- Born: 1 August 1883 Great Yarmouth
- Died: 14 October 1960 (aged 77)
- Allegiance: United Kingdom
- Branch: British Army
- Service years: 1908–1943
- Rank: Major-General
- Unit: Royal Army Medical Corps
- Conflicts: First World War Western Front; ; Second World War;
- Awards: Mentioned in dispatches x 2
- Education: Framlingham College University of Durham

= Harold Henry Blake =

Harold Henry Blake (1 August 1883 - 1960) was a British Army medical officer.
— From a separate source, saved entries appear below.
(* Let $m,k$ be positive integers and suppose $q^mt_1t_2\cdots t_k=1$ (i.e. regard $q,t_1,\ldots,t_{k-1}$ as independent variables and $t_k=q^{-m}(t_1\cdots t_{k-1})^{-1}$). Then $$\sum_{\text{cyclic permutations of }t_1,\ldots,t_k}\ \ \widetilde{\sum_{1\le i_1\le\cdots\le i_k\le m}}\ \left\{\begin{matrix}i_1,\ldots,i_k\\ t_1,\ldots,t_k\end{matrix}\right\}_m=\frac{m^{k-1}}{(k-1)!}.$$ In particular the left side is independent of $q,t_1,\ldots,t_k$.
   Context: $(a)_n:=\prod_{j=0}^{n-1}(1-aq^j)$ (so $(a)_0=1$). For integers $1\le i_1\le\cdots\le i_k\le m$, $$\left\{\begin{matrix}i_1,\ldots,i_k\\ t_1,\ldots,t_k\end{matrix}\right\}_m:=\frac{1}{(q)_{i_1-1}(q^{i_1}t_1)_{i_2-i_1}(q^{i_2}t_1t_2)_{i_3-i_2}\cdots(q^{i_k}t_1\cdots t_k)_{m-i_k}}.$$ For a function $f(i_1,\ldots,i_k)$, $\widetilde{\sum}_{1\le i_1\le\cdots\le i_k\le m}f:=\sum_{1\le i_1\le\cdots\le i_k\le m}f(i_1,\ldots,i_k)/\#\mathrm{Stab}(i_1,\ldots,i_k)$, where $\mathrm{Stab}(i_1,\ldots,i_k)$ is the set of permutations of $\{1,\ldots,k\}$ fixing the tuple (so its order is the product of factorials of the multiplicities). The outer sum runs over the $k$ cyclic rotations $(t_1,\ldots,t_k)\mapsto(t_{j+1},\ldots,t_k,t_1,\ldots,t_j)$, $0\le j<k$, applied to the variables in the summand. *)

theory Defs
  imports Complex_Main "HOL-Combinatorics.Permutations"
begin

definition qpoch :: "complex \<Rightarrow> complex \<Rightarrow> nat \<Rightarrow> complex" where
  "qpoch q a n = (\<Prod>j<n. (1 - a * q ^ j))"

text \<open>Denominator of the bracket symbol {i_1..i_k ; t_1..t_k}_m, with 0-based lists
  i = [i_1,...,i_k], t = [t_1,...,t_k]:
  (q)_{i_1-1} * prod_{r} (q^{i_r} t_1...t_r)_{i_{r+1}-i_r}, where i_{k+1} := m.\<close>
definition bracket_denom :: "nat \<Rightarrow> complex \<Rightarrow> complex list \<Rightarrow> nat list \<Rightarrow> complex" where
  "bracket_denom m q t i =
     qpoch q q (i ! 0 - 1) *
     (\<Prod>r<length i. qpoch q (q ^ (i ! r) * (\<Prod>s\<le>r. t ! s))
                        ((if Suc r < length i then i ! Suc r else m) - i ! r))"
definition contagious :: "nat set \<Rightarrow> (nat \<Rightarrow> nat set) \<Rightarrow> nat \<Rightarrow> nat set \<Rightarrow> bool" where
  "contagious V N r A0 \<longleftrightarrow> A0 \<subseteq> V \<and> boot_closure V N r A0 = V"

definition min_contagious :: "nat set \<Rightarrow> (nat \<Rightarrow> nat set) \<Rightarrow> nat \<Rightarrow> nat" where
  "min_contagious V N r = (LEAST k. \<exists>A. contagious V N r A \<and> card A = k)"

end

theory Submission
  imports Defs
begin

text \<open>
  Suppose a set \<open>A\<close> of at most \<open>k\<close> vertices is contagious. Listing the vertices in order of
  activation, let \<open>S\<close> consist of the first \<open>s = L k\<close> of them. Every vertex of \<open>S - A\<close> has two
  neighbours that were activated strictly earlier and hence lie in \<open>S\<close>; orienting these edges
  towards the earlier endpoint shows that \<open>S\<close> spans at least \<open>m = 2 (s - k)\<close> edges.
  A first-moment count over the configuration model bounds the probability that some
  \<open>s\<close>-set spans \<open>m\<close> edges by \<open>(e n / s)^s (2 e d s^2 / (m n))^m\<close>, which is at most
  \<open>(e^L (2 e d)^(2 L - 2) (s / n)^(L - 2))^k\<close>. For \<open>k \<approx> n / d^(2 + \<epsilon>)\<close> and \<open>L \<ge> 2 + 3 / \<epsilon>\<close>
  this is at most \<open>(C_L / d)^k \<le> 2^(-k)\<close> once \<open>d\<close> is large.
\<close>

section \<open>Perfect matchings as fixed-point-free involutions\<close>

definition fpf_involutions :: "'a set \<Rightarrow> ('a \<Rightarrow> 'a) set" where
  "fpf_involutions X =
     {\<sigma>. (\<forall>w\<in>X. \<sigma> w \<in> X \<and> \<sigma> w \<noteq> w \<and> \<sigma> (\<sigma> w) = w) \<and> (\<forall>w. w \<notin> X \<longrightarrow> \<sigma> w = w)}"

fun pairings_count :: "nat \<Rightarrow> nat" where
  "pairings_count 0 = 1"
| "pairings_count (Suc 0) = 0"
| "pairings_count (Suc (Suc k)) = Suc k * pairings_count k"

lemma perfect_matchings_eq_fpf_involutions:
  "perfect_matchings n d = fpf_involutions (cells n d)"
  unfolding perfect_matchings_def fpf_involutions_def ..

lemma finite_fpf_involutions:
  assumes "finite X"
  shows "finite (fpf_involutions X)"
proof -
  let ?F = "{f. \<forall>x. (x \<in> X \<longrightarrow> f x \<in> X) \<and> (x \<notin> X \<longrightarrow> f x = x)}"
  have "fpf_involutions X \<subseteq> ?F"
    unfolding fpf_involutions_def by auto
  moreover have "inj_on (\<lambda>f. restrict f X) ?F"
  proof (rule inj_onI, rule ext)
    fix f g x
    assume f: "f \<in> ?F" and g: "g \<in> ?F" and fg: "restrict f X = restrict g X"
    show "f x = g x"
    proof (cases "x \<in> X")
      case True
      then show ?thesis using fun_cong[OF fg, of x] by simp
    next
      case False
      then show ?thesis using f g by simp
    qed
  qed
  moreover have "(\<lambda>f. restrict f X) ` ?F \<subseteq> X \<rightarrow>\<^sub>E X"
  proof (rule image_subsetI)
    fix f assume "f \<in> ?F"
    then show "restrict f X \<in> X \<rightarrow>\<^sub>E X"
      by (simp add: restrict_PiE_iff)
  qed
  ultimately show ?thesis
    by (meson assms finite_PiE finite_imageD finite_subset)
qed

lemma card_fpf_involutions_pair:
  assumes X: "a \<in> X" "b \<in> X" "a \<noteq> b" and disj: "{a, b} \<inter> (T \<union> f ` T) = {}"
  shows "card {\<sigma>\<in>fpf_involutions X. \<sigma> a = b \<and> (\<forall>t\<in>T. \<sigma> t = f t)}
       = card {\<tau>\<in>fpf_involutions (X - {a, b}). \<forall>t\<in>T. \<tau> t = f t}"
proof (rule bij_betw_same_card[of "\<lambda>\<sigma>. \<sigma>(a := a, b := b)"],
       rule bij_betw_byWitness[where f' = "\<lambda>\<tau>. \<tau>(a := b, b := a)"])
  show "(\<lambda>\<sigma>. \<sigma>(a := a, b := b)) ` {\<sigma>\<in>fpf_involutions X. \<sigma> a = b \<and> (\<forall>t\<in>T. \<sigma> t = f t)}
      \<subseteq> {\<tau>\<in>fpf_involutions (X - {a, b}). \<forall>t\<in>T. \<tau> t = f t}"
  proof (rule image_subsetI)
    fix \<sigma> assume \<sigma>: "\<sigma> \<in> {\<sigma>\<in>fpf_involutions X. \<sigma> a = b \<and> (\<forall>t\<in>T. \<sigma> t = f t)}"
    then have inv: "\<And>w. w \<in> X \<Longrightarrow> \<sigma> w \<in> X \<and> \<sigma> w \<noteq> w \<and> \<sigma> (\<sigma> w) = w"
      and out: "\<And>w. w \<notin> X \<Longrightarrow> \<sigma> w = w" and ab: "\<sigma> a = b" and Tf: "\<forall>t\<in>T. \<sigma> t = f t"
      unfolding fpf_involutions_def by auto
    have ba: "\<sigma> b = a"
      using inv[OF X(1)] ab by simp
    have "\<sigma> w \<in> X - {a, b}" if "w \<in> X - {a, b}" for w
      using inv[of w] that ab ba by auto
    then show "\<sigma>(a := a, b := b) \<in> {\<tau>\<in>fpf_involutions (X - {a, b}). \<forall>t\<in>T. \<tau> t = f t}"
      using inv out Tf disj unfolding fpf_involutions_def by auto
  qed
  show "(\<lambda>\<tau>. \<tau>(a := b, b := a)) ` {\<tau>\<in>fpf_involutions (X - {a, b}). \<forall>t\<in>T. \<tau> t = f t}
      \<subseteq> {\<sigma>\<in>fpf_involutions X. \<sigma> a = b \<and> (\<forall>t\<in>T. \<sigma> t = f t)}"
  proof (rule image_subsetI)
    fix \<tau> assume "\<tau> \<in> {\<tau>\<in>fpf_involutions (X - {a, b}). \<forall>t\<in>T. \<tau> t = f t}"
    then have inv: "\<And>w. w \<in> X - {a, b} \<Longrightarrow> \<tau> w \<in> X - {a, b} \<and> \<tau> w \<noteq> w \<and> \<tau> (\<tau> w) = w"
      and out: "\<And>w. w \<notin> X - {a, b} \<Longrightarrow> \<tau> w = w" and Tf: "\<forall>t\<in>T. \<tau> t = f t"
      unfolding fpf_involutions_def by auto
    show "\<tau>(a := b, b := a) \<in> {\<sigma>\<in>fpf_involutions X. \<sigma> a = b \<and> (\<forall>t\<in>T. \<sigma> t = f t)}"
      using inv out Tf disj X unfolding fpf_involutions_def by auto
  qed
  show "\<forall>\<sigma>\<in>{\<sigma>\<in>fpf_involutions X. \<sigma> a = b \<and> (\<forall>t\<in>T. \<sigma> t = f t)}.
          (\<sigma>(a := a, b := b))(a := b, b := a) = \<sigma>"
    using X unfolding fpf_involutions_def by (auto simp: fun_eq_iff)
  show "\<forall>\<tau>\<in>{\<tau>\<in>fpf_involutions (X - {a, b}). \<forall>t\<in>T. \<tau> t = f t}.
          (\<tau>(a := b, b := a))(a := a, b := b) = \<tau>"
    unfolding fpf_involutions_def by (auto simp: fun_eq_iff)
qed

lemma card_fpf_involutions_split:
  assumes "finite X" "a \<in> X"
  shows "card (fpf_involutions X) = (\<Sum>b\<in>X - {a}. card (fpf_involutions (X - {a, b})))"
proof -
  let ?P = "\<lambda>b. {\<sigma>\<in>fpf_involutions X. \<sigma> a = b}"
  have "fpf_involutions X = (\<Union>b\<in>X - {a}. ?P b)"
    using assms(2) by (auto simp: fpf_involutions_def)
  moreover have "card (\<Union>b\<in>X - {a}. ?P b) = (\<Sum>b\<in>X - {a}. card (?P b))"
  proof (rule card_UN_disjoint)
    show "\<forall>b\<in>X - {a}. finite (?P b)"
      using finite_fpf_involutions[OF assms(1)] by auto
  qed (use assms in auto)
  moreover have "card (?P b) = card (fpf_involutions (X - {a, b}))" if "b \<in> X - {a}" for b
    using card_fpf_involutions_pair[of a X b "{}"] assms that by auto
  ultimately show ?thesis
    by simp
qed

lemma card_fpf_involutions:
  "finite X \<Longrightarrow> card (fpf_involutions X) = pairings_count (card X)"
proof (induction "card X" arbitrary: X rule: less_induct)
  case less
  consider "card X = 0" | "card X = 1" | j where "card X = Suc (Suc j)"
    by (metis One_nat_def not0_implies_Suc)
  then show ?case
  proof cases
    case 1
    then have "fpf_involutions X = {id}"
      using less.prems by (auto simp: fpf_involutions_def fun_eq_iff)
    then show ?thesis
      using 1 by simp
  next
    case 2
    then obtain a where "X = {a}"
      by (auto simp: card_Suc_eq)
    then have "fpf_involutions X = {}"
      by (auto simp: fpf_involutions_def)
    then show ?thesis
      using 2 by simp
  next
    case (3 j)
    then obtain a where a: "a \<in> X"
      by fastforce
    have "card (fpf_involutions X) = (\<Sum>b\<in>X - {a}. card (fpf_involutions (X - {a, b})))"
      by (rule card_fpf_involutions_split[OF less.prems a])
    also have "\<dots> = (\<Sum>b\<in>X - {a}. pairings_count j)"
    proof (rule sum.cong)
      fix b assume b: "b \<in> X - {a}"
      then have "card (X - {a, b}) = j"
        using a less.prems 3 by (auto simp: card_Diff_subset)
      then show "card (fpf_involutions (X - {a, b})) = pairings_count j"
        using less.hyps[of "X - {a, b}"] less.prems 3 by simp
    qed simp
    also have "\<dots> = pairings_count (card X)"
      using a less.prems 3 by simp
    finally show ?thesis .
  qed
qed

lemma card_fpf_involutions_extending:
  assumes "finite T" "finite X" "T \<subseteq> X" "f ` T \<subseteq> X" "inj_on f T" "f ` T \<inter> T = {}"
  shows "card {\<sigma>\<in>fpf_involutions X. \<forall>t\<in>T. \<sigma> t = f t}
       = card (fpf_involutions (X - (T \<union> f ` T)))"
  using assms
proof (induction T arbitrary: X rule: finite_induct)
  case empty
  then show ?case by simp
next
  case (insert a T)
  have fa: "a \<noteq> f a" "f a \<notin> T" "a \<notin> f ` T" "f a \<notin> f ` T"
    using insert.hyps(2) insert.prems(4,5) by auto
  have "{\<sigma>\<in>fpf_involutions X. \<forall>t\<in>insert a T. \<sigma> t = f t}
      = {\<sigma>\<in>fpf_involutions X. \<sigma> a = f a \<and> (\<forall>t\<in>T. \<sigma> t = f t)}"
    by auto
  also have "card \<dots> = card {\<tau>\<in>fpf_involutions (X - {a, f a}). \<forall>t\<in>T. \<tau> t = f t}"
    by (rule card_fpf_involutions_pair) (use insert in auto)
  also have "\<dots> = card (fpf_involutions (X - {a, f a} - (T \<union> f ` T)))"
  proof (rule insert.IH)
    show "T \<subseteq> X - {a, f a}"
      using insert.prems(2) insert.hyps(2) fa(2) by auto
    show "f ` T \<subseteq> X - {a, f a}"
      using insert.prems(3) fa(3,4) by blast
  qed (use insert.prems in auto)
  also have "X - {a, f a} - (T \<union> f ` T) = X - (insert a T \<union> f ` insert a T)"
    by auto
  finally show ?case .
qed

lemma pairings_count_pos: "even k \<Longrightarrow> 0 < pairings_count k"
  by (induction k rule: pairings_count.induct) auto

lemma pairings_count_ge:
  "2 * m \<le> k \<Longrightarrow> (k - 2 * m) ^ m * pairings_count (k - 2 * m) \<le> pairings_count k"
proof (induction m arbitrary: k)
  case 0
  then show ?case by simp
next
  case (Suc m)
  then obtain j where j: "k = Suc (Suc j)"
    by (cases k; cases "k - 1") auto
  have "(k - 2 * Suc m) ^ Suc m * pairings_count (k - 2 * Suc m)
      = (j - 2 * m) * ((j - 2 * m) ^ m * pairings_count (j - 2 * m))"
    using j by simp
  also have "\<dots> \<le> Suc j * pairings_count j"
    by (rule mult_mono) (use Suc j in auto)
  finally show ?case
    using j by simp
qed

section \<open>Bootstrap percolation\<close>

lemma boot_step_mono: "i \<le> j \<Longrightarrow> boot_step V N r A i \<subseteq> boot_step V N r A j"
  by (rule lift_Suc_mono_le[of "boot_step V N r A"]) auto

lemma boot_step_subset: "A \<subseteq> V \<Longrightarrow> boot_step V N r A i \<subseteq> V"
  by (induction i) auto

lemma contagious_self: "contagious V N r V"
  using boot_step_subset[of V V N r]
  unfolding contagious_def boot_closure_def by (auto intro: UN_I[of 0])

lemma min_contagious_witness: "\<exists>A. contagious V N r A \<and> card A = min_contagious V N r"
  unfolding min_contagious_def by (rule LeastI_ex) (use contagious_self in blast)

lemma contagious_boot_step_eq:
  assumes "finite V" "contagious V N r A"
  obtains I where "boot_step V N r A I = V"
proof -
  have AV: "A \<subseteq> V" and "boot_closure V N r A = V"
    using assms(2) unfolding contagious_def by auto
  then have "\<forall>v\<in>V. \<exists>i. v \<in> boot_step V N r A i"
    unfolding boot_closure_def by auto
  then obtain h where h: "\<And>v. v \<in> V \<Longrightarrow> v \<in> boot_step V N r A (h v)"
    by metis
  have "V \<subseteq> boot_step V N r A (Max (h ` V))"
  proof
    fix v assume "v \<in> V"
    then have "h v \<le> Max (h ` V)"
      using assms(1) by simp
    then show "v \<in> boot_step V N r A (Max (h ` V))"
      using h[OF \<open>v \<in> V\<close>] boot_step_mono by blast
  qed
  then show ?thesis
    using that boot_step_subset[OF AV] by blast
qed

lemma obtain_subset_between:
  assumes "finite Y" "X \<subseteq> Y" "card X \<le> s" "s \<le> card Y"
  obtains S where "X \<subseteq> S" "S \<subseteq> Y" "card S = s"
proof -
  have "finite X"
    using assms finite_subset by blast
  then have "s - card X \<le> card (Y - X)"
    using assms by (simp add: card_Diff_subset)
  then obtain R where R: "R \<subseteq> Y - X" "card R = s - card X"
    by (meson obtain_subset_with_card_n)
  have "finite R"
    using R(1) assms(1) finite_subset by blast
  moreover have "X \<inter> R = {}"
    using R(1) by blast
  ultimately have "card (X \<union> R) = s"
    using R(2) \<open>finite X\<close> assms(3) by (simp add: card_Un_disjoint)
  then show ?thesis
    using that[of "X \<union> R"] R assms(2) by blast
qed

lemma contagious_obtain_between_steps:
  assumes V: "finite V" and con: "contagious V N r A" and s: "card A \<le> s" "s \<le> card V"
  obtains i S where "boot_step V N r A i \<subseteq> S" "S \<subseteq> boot_step V N r A (Suc i)" "card S = s"
proof -
  let ?B = "boot_step V N r A"
  have "A \<subseteq> V"
    using con unfolding contagious_def by simp
  then have fin: "finite (?B i)" for i
    by (rule finite_subset[OF boot_step_subset V])
  obtain I where "?B I = V"
    using contagious_boot_step_eq[OF V con] .
  then have ex: "\<exists>j. s \<le> card (?B j)"
    using s by (intro exI[of _ I]) simp
  define j where "j = (LEAST j. s \<le> card (?B j))"
  have j: "s \<le> card (?B j)"
    unfolding j_def by (rule LeastI_ex[OF ex])
  define i where "i = j - 1"
  have "card (?B i) \<le> s"
  proof (cases j)
    case 0
    then show ?thesis using s i_def by simp
  next
    case (Suc j')
    then show ?thesis
      using not_less_Least[of i "\<lambda>j. s \<le> card (?B j)"] i_def j_def by simp
  qed
  moreover have "j \<le> Suc i"
    using i_def by simp
  then have "s \<le> card (?B (Suc i))"
    using j card_mono[OF fin boot_step_mono[of j "Suc i"]] by simp
  ultimately obtain S where "?B i \<subseteq> S" "S \<subseteq> ?B (Suc i)" "card S = s"
    using obtain_subset_between[OF fin boot_step_mono[of i "Suc i"]] by auto
  then show ?thesis
    using that by blast
qed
Blake was born in Great Yarmouth, with doctors on both sides of his family, and was educated at Framlingham College. He graduated from the University of Durham and entered the Royal Army Medical Corps in 1908, going on to be a surgeon at the Cancer Hospital, Brompton. During the First World War he served in France and Belgium. Between the wars, he served in East Asia, including periods in China and Hong Kong.

In 1943, Blake became the Superintendent of Stoke Mandeville Hospital, where he came into contact with the pioneering orthopaedic specialist Ludwig Guttmann. Under their management, the treatment of patients with spinal injuries was revolutionised.

Major-General Blake appears as a character in the BBC's 2012 production, The Best of Men, played by Nicholas Jones.